Меланья притиснулась к лавке – лоб у нее был разбит, но она не чувствовала ни боли, ни потеков крови. Малый Демка карабкался к ней на колени, ревел, хватался за кофту, как лягушонок беспомощный. Она видела, как нечистый дух, Тимофей Прокопьевич, в белой каракулевой папахе, при шашке и при деревянной колодке у ремня, нещадно бил Июду Филимона; и утащил, не иначе, как в преисподнюю, как нечистый уволок под лед праведницу Лизаветушку. Нечистый со звездою во лбу вернулся за ней – погибель будет, погибель!..

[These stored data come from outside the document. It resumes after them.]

section \<open>The posterior\<close>

lemma fhat_loo_mult_prior:
  fixes a b \<beta> h :: "real^'d" and X :: "nat \<Rightarrow> real^'d"
  assumes "\<forall>l. a$l < b$l"
    and "\<forall>l. a$l \<le> X i $ l \<and> X i $ l \<le> b$l"
    and "\<forall>j\<in>{1..n} - {i}. \<forall>l. a$l < X j $ l \<and> X j $ l < b$l"
    and "1 / 2 < \<alpha>" and "\<forall>l. 0 < \<beta>$l" and "h \<in> orthant"
  shows "fhat_loo n X i a b h * prior \<alpha> \<beta> h
    = (\<Sum>j\<in>{1..n} - {i}. \<Prod>l\<in>UNIV. Mq \<alpha> (\<beta>$l) (a$l) (b$l) (X i $ l) (X j $ l) (h$l))
      / ((real n - 1) * Gamma \<alpha> ^ CARD('d))"
proof -
  have kernel: "kappa (a$l) (b$l) (X i $ l) (h$l) (X j $ l) * IG \<alpha> (\<beta>$l) (h$l)
      = Mq \<alpha> (\<beta>$l) (a$l) (b$l) (X i $ l) (X j $ l) (h$l) / Gamma \<alpha>" if "j \<in> {1..n} - {i}" for j l
    using that assms by (intro kappa_mult_IG) (auto simp: orthant_def)
  have "fhat_loo n X i a b h * prior \<alpha> \<beta> h
      = 1 / (real n - 1) * (\<Sum>j\<in>{1..n} - {i}. \<Prod>l\<in>UNIV.
          kappa (a$l) (b$l) (X i $ l) (h$l) (X j $ l) * IG \<alpha> (\<beta>$l) (h$l))"
    by (simp add: fhat_loo_def prior_def sum_distrib_right prod.distrib)
  also have "\<dots> = 1 / (real n - 1) * (\<Sum>j\<in>{1..n} - {i}. \<Prod>l\<in>UNIV.
          Mq \<alpha> (\<beta>$l) (a$l) (b$l) (X i $ l) (X j $ l) (h$l) / Gamma \<alpha>)"
    by (simp add: kernel)
  finally show ?thesis
    by (simp add: prod_dividef sum_divide_distrib mult.commute)
qed

lemma integral_posterior_numerator:
  assumes "\<forall>h\<in>orthant. fhat_loo n X i a b h * prior \<alpha> \<beta> h = F h / c"
    and "(F has_integral D) orthant"
  shows "integral orthant (\<lambda>g. fhat_loo n X i a b g * prior \<alpha> \<beta> g) = D / c"
proof -
  have "integral orthant (\<lambda>g. fhat_loo n X i a b g * prior \<alpha> \<beta> g) = integral orthant (\<lambda>g. F g / c)"
    using assms(1) by (intro integral_cong) simp
  also have "\<dots> = D / c"
    using assms(2) by (intro integral_unique has_integral_divide)
  finally show ?thesis .
qed

lemma posterior_eq:
  assumes "\<forall>h\<in>orthant. fhat_loo n X i a b h * prior \<alpha> \<beta> h = F h / c" and "c \<noteq> 0"
    and "(F has_integral D) orthant" and "h \<in> orthant"
  shows "posterior n X i a b \<alpha> \<beta> h = F h / D"
  using assms integral_posterior_numerator[OF assms(1,3)] by (simp add: posterior_def)

lemma posterior_mean_eq:
  assumes "\<forall>h\<in>orthant. fhat_loo n X i a b h * prior \<alpha> \<beta> h = F h / c" and "c \<noteq> 0"
    and "(F has_integral D) orthant" and "((\<lambda>h. h$m * F h) has_integral Q) orthant"
  shows "posterior_mean n X i a b \<alpha> \<beta> m = Q / D"
proof -
  have "posterior_mean n X i a b \<alpha> \<beta> m = integral orthant (\<lambda>h. h$m * F h / D)"
    unfolding posterior_mean_def using posterior_eq[OF assms(1-3)] by (intro integral_cong) simp
  also have "\<dots> = Q / D"
    using assms(4) by (intro integral_unique has_integral_divide)
  finally show ?thesis .
qed

theorem theorem1:
  fixes a b \<beta> :: "real^'d" and X :: "nat \<Rightarrow> real^'d" and n i :: nat and \<alpha> :: real
  assumes ab: "\<forall>l. a$l < b$l"
    and n2: "n \<ge> 2"
    and i_in: "i \<in> {1..n}"
    and X_in: "\<forall>j\<in>{1..n}. \<forall>l. a$l \<le> X j $ l \<and> X j $ l \<le> b$l"
    and X_int: "\<forall>j\<in>{1..n} - {i}. \<forall>l. a$l < X j $ l \<and> X j $ l < b$l"
    and alpha: "\<alpha> > 3 / 2"
    and beta: "\<forall>l. \<beta>$l > 0"
  shows "let D = (\<Sum>j\<in>{1..n} - {i}. \<Prod>l\<in>UNIV. wq \<alpha> (\<beta>$l) (a$l) (b$l) (X i $ l) (X j $ l)) in
           (\<forall>h\<in>orthant. posterior n X i a b \<alpha> \<beta> h
               = (\<Sum>j\<in>{1..n} - {i}. \<Prod>l\<in>UNIV. Mq \<alpha> (\<beta>$l) (a$l) (b$l) (X i $ l) (X j $ l) (h$l)) / D)
         \<and> (\<forall>m. posterior_mean n X i a b \<alpha> \<beta> m
               = (\<Sum>j\<in>{1..n} - {i}. (\<Prod>l\<in>UNIV - {m}. wq \<alpha> (\<beta>$l) (a$l) (b$l) (X i $ l) (X j $ l))
                    * muq \<alpha> (\<beta>$m) (a$m) (b$m) (X i $ m) (X j $ m)) / D)"
proof -
  define S where "S = {1..n} - {i}"
  define M where "M j l = Mq \<alpha> (\<beta>$l) (a$l) (b$l) (X i $ l) (X j $ l)" for j l
  define w where "w j l = wq \<alpha> (\<beta>$l) (a$l) (b$l) (X i $ l) (X j $ l)" for j l
  define \<mu> where "\<mu> j l = muq \<alpha> (\<beta>$l) (a$l) (b$l) (X i $ l) (X j $ l)" for j l
  have X_i: "\<forall>l. a$l \<le> X i $ l \<and> X i $ l \<le> b$l"
    using X_in i_in by blast
  have numerator: "\<forall>h\<in>orthant. fhat_loo n X i a b h * prior \<alpha> \<beta> h
      = (\<Sum>j\<in>S. \<Prod>l\<in>UNIV. M j l (h$l)) / ((real n - 1) * Gamma \<alpha> ^ CARD('d))"
    using fhat_loo_mult_prior[OF ab X_i X_int] alpha beta by (simp add: S_def M_def)
  have "0 < Gamma \<alpha>"
    using alpha by simp
  with n2 have normalizer: "(real n - 1) * Gamma \<alpha> ^ CARD('d) \<noteq> 0"
    by simp
  have "((\<lambda>h. \<Sum>j\<in>S. \<Prod>l\<in>UNIV. M j l (h$l)) has_integral (\<Sum>j\<in>S. \<Prod>l\<in>UNIV. w j l)) orthant"
    "((\<lambda>h. h$m * (\<Sum>j\<in>S. \<Prod>l\<in>UNIV. M j l (h$l)))
        has_integral (\<Sum>j\<in>S. (\<Prod>l\<in>UNIV - {m}. w j l) * \<mu> j m)) orthant" for m
    by (rule has_integral_sum_prod_orthant[where \<mu> = \<mu>];
        use ab X_i X_int alpha beta in \<open>auto simp: S_def M_def w_def \<mu>_def Mq_nonneg Mq_nonpos_eq_0 has_integral_Mq\<close>)+
  from posterior_eq[OF numerator normalizer this(1)] posterior_mean_eq[OF numerator normalizer this]
  show ?thesis
    by (simp add: S_def M_def w_def \<mu>_def)
qed

end
text \<open>Every vertex of a finite vertex set L that reaches another member of L reaches one
  with no successor in L, for instance the smallest member it reaches.\<close>
lemma reach_cut_of:
  assumes hp: "heap_forest ps" and Ln: "L \<subseteq> {0..<length ps}" and y: "y \<in> L" "f_reach ps x y"
  shows "\<exists>v\<in>cut_of ps L. f_reach ps x v"
proof -
  let ?Y = "{y \<in> L. f_reach ps x y}"
  have fY: "finite ?Y" using Ln by (auto intro: finite_subset[of _ "{0..<length ps}"])
  have y0: "Min ?Y \<in> ?Y" using Min_in[OF fY] y by blast
  have "\<not> f_reach ps (Min ?Y) z" if z: "z \<in> L" for z
  proof
    assume r: "f_reach ps (Min ?Y) z"
    hence "z \<in> ?Y" using y0 z f_reach_trans by blast
    hence "Min ?Y \<le> z" using Min_le[OF fY] by blast
    thus False using f_reach_dec[OF hp r] by simp
  qed
  thus ?thesis using y0 by (auto simp: cut_of_def)
qed

lemma lea_set_cut_of:
  assumes hp: "heap_forest ps" and Ln: "L \<subseteq> {0..<length ps}"
    and bk: "\<And>y z. f_reach ps y z \<Longrightarrow> z \<in> L \<Longrightarrow> y \<in> L"
  shows "lea_set ps (cut_of ps L) = L"
proof (rule set_eqI, rule iffI)
  fix x assume "x \<in> lea_set ps (cut_of ps L)"
  thus "x \<in> L" using bk by (auto simp: lea_set_def cut_of_def)
next
  fix x assume x: "x \<in> L"
  show "x \<in> lea_set ps (cut_of ps L)"
  proof (cases "\<exists>y\<in>L. f_reach ps x y")
    case True
    thus ?thesis using reach_cut_of[OF hp Ln] x Ln by (force simp: lea_set_def)
  next
    case False
    thus ?thesis using x by (auto simp: cut_of_def lea_set_def)
  qed
qed

lemma pos_take:
  assumes "distinct w" "x \<in> set w"
  shows "x \<in> set (take k w) \<longleftrightarrow> pos w x < k"
proof -
  have p: "pos w x < length w" "w ! pos w x = x" using pos_prop[OF assms] by auto
  show ?thesis
  proof
    assume "x \<in> set (take k w)"
    then obtain i where i: "i < length (take k w)" "take k w ! i = x" by (auto simp: in_set_conv_nth)
    hence "w ! i = x" "i < length w" "i < k" by auto
    hence "pos w x = i" using pos_nth[OF assms(1)] by blast
    thus "pos w x < k" using \<open>i < k\<close> by simp
  next
    assume "pos w x < k"
    hence "take k w ! pos w x = x" "pos w x < length (take k w)" using p by auto
    thus "x \<in> set (take k w)" by (metis nth_mem)
  qed
qed

lemma take_drop_disj: "distinct w \<Longrightarrow> set (take k w) \<inter> set (drop k w) = {}"
  by (metis append_take_drop_id distinct_append)

lemma drop_back:
  assumes d: "distinct w" and b: "before w a b" and a: "a \<in> set (drop k w)"
  shows "b \<in> set (drop k w)"
proof -
  have ab: "a \<in> set w" "b \<in> set w" "pos w a < pos w b" using before_pos[OF d] b by auto
  have "\<not> pos w a < k" using pos_take[OF d ab(1)] a take_drop_disj[OF d] by blast
  hence "\<not> pos w b < k" using ab by simp
  hence "b \<notin> set (take k w)" using pos_take[OF d ab(2)] by simp
  moreover have "b \<in> set (take k w) \<union> set (drop k w)" using ab(2) by (metis append_take_drop_id set_append)
  ultimately show ?thesis by blast
qed

section \<open>Theta is comultiplicative\<close>

text \<open>Pairs (w, k) of a linear extension w of F and a split point k correspond bijectively
  to triples (V, u, v) of an admissible cut V and linear extensions u, v of its root and leaf
  parts; the first k letters of w are the root part, the rest is the leaf part.\<close>

definition cut_word :: "nat option list \<Rightarrow> nat set \<times> nat list \<times> nat list \<Rightarrow> nat list \<times> nat" where
  "cut_word ps x = (case x of (V, u, v) \<Rightarrow>
     (unrank (root_part ps V) u @ unrank (leaf_part ps V) v, card (root_part ps V)))"

definition cut_data :: "nat option list \<Rightarrow> (nat set \<times> nat list \<times> nat list) set" where
  "cut_data ps = Sigma (admissible_cuts ps) (\<lambda>V. S_F (restrict_parents ps (root_part ps V)) \<times> S_F (restrict_parents ps (leaf_part ps V)))"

– Свят, свят, свят! – забормотала Меланья; Демка все еще визжал и лез к ней; она его торкнула и приказала: – Молись, молись, чадо! Нечистый сгубит! Молись! Молись!
Демка и без того перепуганный, быстро встал на колени, и крестом себя, крестом, крестом.

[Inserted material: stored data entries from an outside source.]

(* Let $N=(P,T,F,M_0)$ be a Petri net with transition set $T=\{a,b,c\}$ (each transition being its own label, i.e. the labelling is injective). If the firing sequence $abbaac$ is enabled at $M_0$, then the firing sequence $aba$ is also enabled at $M_0$. Consequently, no injectively labelled Petri net has exactly the word $abbaac$ and its prefixes as its firing sequences (i.e. the word $abbaac$ is not synthesisable: $a$ cannot be prevented in the state reached after $ab$).
   Context: A Petri net is a tuple $N=(P,T,F,M_0)$ with finite disjoint sets $P$ (places) and $T$ (transitions), a flow function $F\colon (P\times T)\cup(T\times P)\to\mathbb{N}$, and an initial marking $M_0\colon P\to\mathbb{N}$. A transition $t$ is enabled at a marking $M$ if $M(p)\ge F(p,t)$ for all $p\in P$; firing it yields $M'$ with $M'(p)=M(p)-F(p,t)+F(t,p)$. A sequence $t_1t_2\cdots t_n$ is enabled (firable) at $M$ if $t_1$ is enabled at $M$, and successively each $t_{i+1}$ is enabled at the marking reached after firing $t_1\cdots t_i$. *)

theory Defs
  imports Main
begin

(* The three transitions a, b, c (each transition is its own label). *)
datatype tr = a | b | c

(* A Petri net with place type 'p (finite) and transition set {a,b,c}.
   The flow function F is split into its two parts:
     Fpt p t = F(p,t)   and   Ftp t p = F(t,p). *)

definition enabled :: "('p \<Rightarrow> tr \<Rightarrow> nat) \<Rightarrow> ('p \<Rightarrow> nat) \<Rightarrow> tr \<Rightarrow> bool" where
  "enabled Fpt M t \<longleftrightarrow> (\<forall>p. Fpt p t \<le> M p)"

definition fire :: "('p \<Rightarrow> tr \<Rightarrow> nat) \<Rightarrow> (tr \<Rightarrow> 'p \<Rightarrow> nat) \<Rightarrow> ('p \<Rightarrow> nat) \<Rightarrow> tr \<Rightarrow> ('p \<Rightarrow> nat)" where
  "fire Fpt Ftp M t = (\<lambda>p. M p - Fpt p t + Ftp t p)"

fun enabled_seq :: "('p \<Rightarrow> tr \<Rightarrow> nat) \<Rightarrow> (tr \<Rightarrow> 'p \<Rightarrow> nat) \<Rightarrow> ('p \<Rightarrow> nat) \<Rightarrow> tr list \<Rightarrow> bool" where
  "enabled_seq Fpt Ftp M [] = True"
| "enabled_seq Fpt Ftp M (t # ts) = (enabled Fpt M t \<and> enabled_seq Fpt Ftp (fire Fpt Ftp M t) ts)"

end

theory Submission
  imports Defs
begin

text \<open>
  Firing a word changes the marking of every place by the sum of the effects of its transitions,
  and the order does not matter.  Hence the marking reached after \<open>ab\<close> is the midpoint of
  the initial marking and the marking reached after \<open>abba\<close>.  Transition \<open>a\<close> is
  enabled at both endpoints (the run \<open>abbaac\<close> fires it there), and enabledness is
  preserved under midpoints since it is a conjunction of lower bounds.
\<close>

definition fire_seq :: "('p \<Rightarrow> tr \<Rightarrow> nat) \<Rightarrow> (tr \<Rightarrow> 'p \<Rightarrow> nat) \<Rightarrow> ('p \<Rightarrow> nat) \<Rightarrow> tr list \<Rightarrow> ('p \<Rightarrow> nat)"
  where "fire_seq Fpt Ftp M w = fold (\<lambda>t M. fire Fpt Ftp M t) w M"

definition effect :: "('p \<Rightarrow> tr \<Rightarrow> nat) \<Rightarrow> (tr \<Rightarrow> 'p \<Rightarrow> nat) \<Rightarrow> tr list \<Rightarrow> 'p \<Rightarrow> int"
  where "effect Fpt Ftp w p = (\<Sum>t\<leftarrow>w. int (Ftp t p) - int (Fpt p t))"

lemma enabled_seq_append:
  "enabled_seq Fpt Ftp M (u @ v) \<longleftrightarrow>
     enabled_seq Fpt Ftp M u \<and> enabled_seq Fpt Ftp (fire_seq Fpt Ftp M u) v"
  by (induction u arbitrary: M) (auto simp: fire_seq_def)

lemma fire_seq_eq_effect:
  assumes "enabled_seq Fpt Ftp M w"
  shows "int (fire_seq Fpt Ftp M w p) = int (M p) + effect Fpt Ftp w p"
  using assms
proof (induction w arbitrary: M)
  case Nil
  then show ?case by (simp add: fire_seq_def effect_def)
next
  case (Cons t w)
  then have "Fpt p t \<le> M p" and "enabled_seq Fpt Ftp (fire Fpt Ftp M t) w"
    by (auto simp: enabled_def)
  with Cons.IH show ?case
    by (simp add: fire_seq_def effect_def fire_def of_nat_diff)
qed

lemma enabled_midpoint:
  assumes "enabled Fpt M t" and "enabled Fpt M'' t"
    and "\<And>p. 2 * M' p = M p + M'' p"
  shows "enabled Fpt M' t"
  unfolding enabled_def
proof
  fix p
  have "2 * Fpt p t \<le> M p + M'' p"
    using assms(1,2) by (simp add: enabled_def add_mono mult_2)
  with assms(3)[of p] show "Fpt p t \<le> M' p" by linarith
qed

lemma enabled_aba_if_enabled_abbaac:
  assumes "enabled_seq Fpt Ftp M0 [a, b, b, a, a, c]"
  shows "enabled_seq Fpt Ftp M0 [a, b, a]"
proof -
  let ?M = "fire_seq Fpt Ftp M0"
  have ab: "enabled_seq Fpt Ftp M0 [a, b]"
    and abba: "enabled_seq Fpt Ftp M0 [a, b, b, a]"
    and a_after_abba: "enabled Fpt (?M [a, b, b, a]) a"
    using assms enabled_seq_append[of Fpt Ftp M0 "[a, b]" "[b, a, a, c]"]
      enabled_seq_append[of Fpt Ftp M0 "[a, b, b, a]" "[a, c]"]
    by auto
  have "2 * ?M [a, b] p = M0 p + ?M [a, b, b, a] p" for p
    using fire_seq_eq_effect[OF ab, of p] fire_seq_eq_effect[OF abba, of p]
    by (simp add: effect_def)
  moreover have "enabled Fpt M0 a"
    using assms by simp
  ultimately have "enabled Fpt (?M [a, b]) a"
    using a_after_abba by (blast intro: enabled_midpoint)
  then show ?thesis
    using ab enabled_seq_append[of Fpt Ftp M0 "[a, b]" "[a]"] by simp
qed

theorem mainTheorem2:
  fixes Fpt :: "'p::finite \<Rightarrow> tr \<Rightarrow> nat" and Ftp :: "tr \<Rightarrow> 'p \<Rightarrow> nat" and M0 :: "'p \<Rightarrow> nat"
  shows "(enabled_seq Fpt Ftp M0 [a, b, b, a, a, c] \<longrightarrow> enabled_seq Fpt Ftp M0 [a, b, a])
       \<and> {w. enabled_seq Fpt Ftp M0 w} \<noteq> {take k [a, b, b, a, a, c] | k. True}"
proof (intro conjI impI notI)
  show "enabled_seq Fpt Ftp M0 [a, b, a]" if "enabled_seq Fpt Ftp M0 [a, b, b, a, a, c]"
    using that by (rule enabled_aba_if_enabled_abbaac)
next
  assume language: "{w. enabled_seq Fpt Ftp M0 w} = {take k [a, b, b, a, a, c] | k. True}"
  have "[a, b, b, a, a, c] = take 6 [a, b, b, a, a, c]"
    by simp
  then have "enabled_seq Fpt Ftp M0 [a, b, b, a, a, c]"
    using language by blast
  then have "[a, b, a] \<in> {take k [a, b, b, a, a, c] | k. True}"
    using language enabled_aba_if_enabled_abbaac by blast
  then obtain k where "[a, b, a] = take k [a, b, b, a, a, c]"
    by blast
  then show False
    by (cases k; cases "k - 1"; cases "k - 2"; cases "k - 3"; simp)
qed

end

– Изыди, изыди, изыди!.. – вопит мать.
Демка прерывающимся писком подвывает:
– Ыди, ыди, ыди! Сят, сят, сят!
Тимофей вспомнил себя таким же крохою, когда батюшка Прокопий Веденеевич повязал его божьим страхом, и он едва не испустил дух на молитвенных бдениях. Надо спасти от фанатиков ребенка! Они же его замучают до смерти!..
– Опомнись, Меланья. Или ты не узнала меня?
– Изыди, изыди, нечистый!.. Спаси нас… – И молитва, молитва.
– Оце… нас… еси…
Головенка кудрявая, шея тоненькая, длинная, и кресты, кресты, чтоб нечистый не утащил человечка величиною с лохмашку.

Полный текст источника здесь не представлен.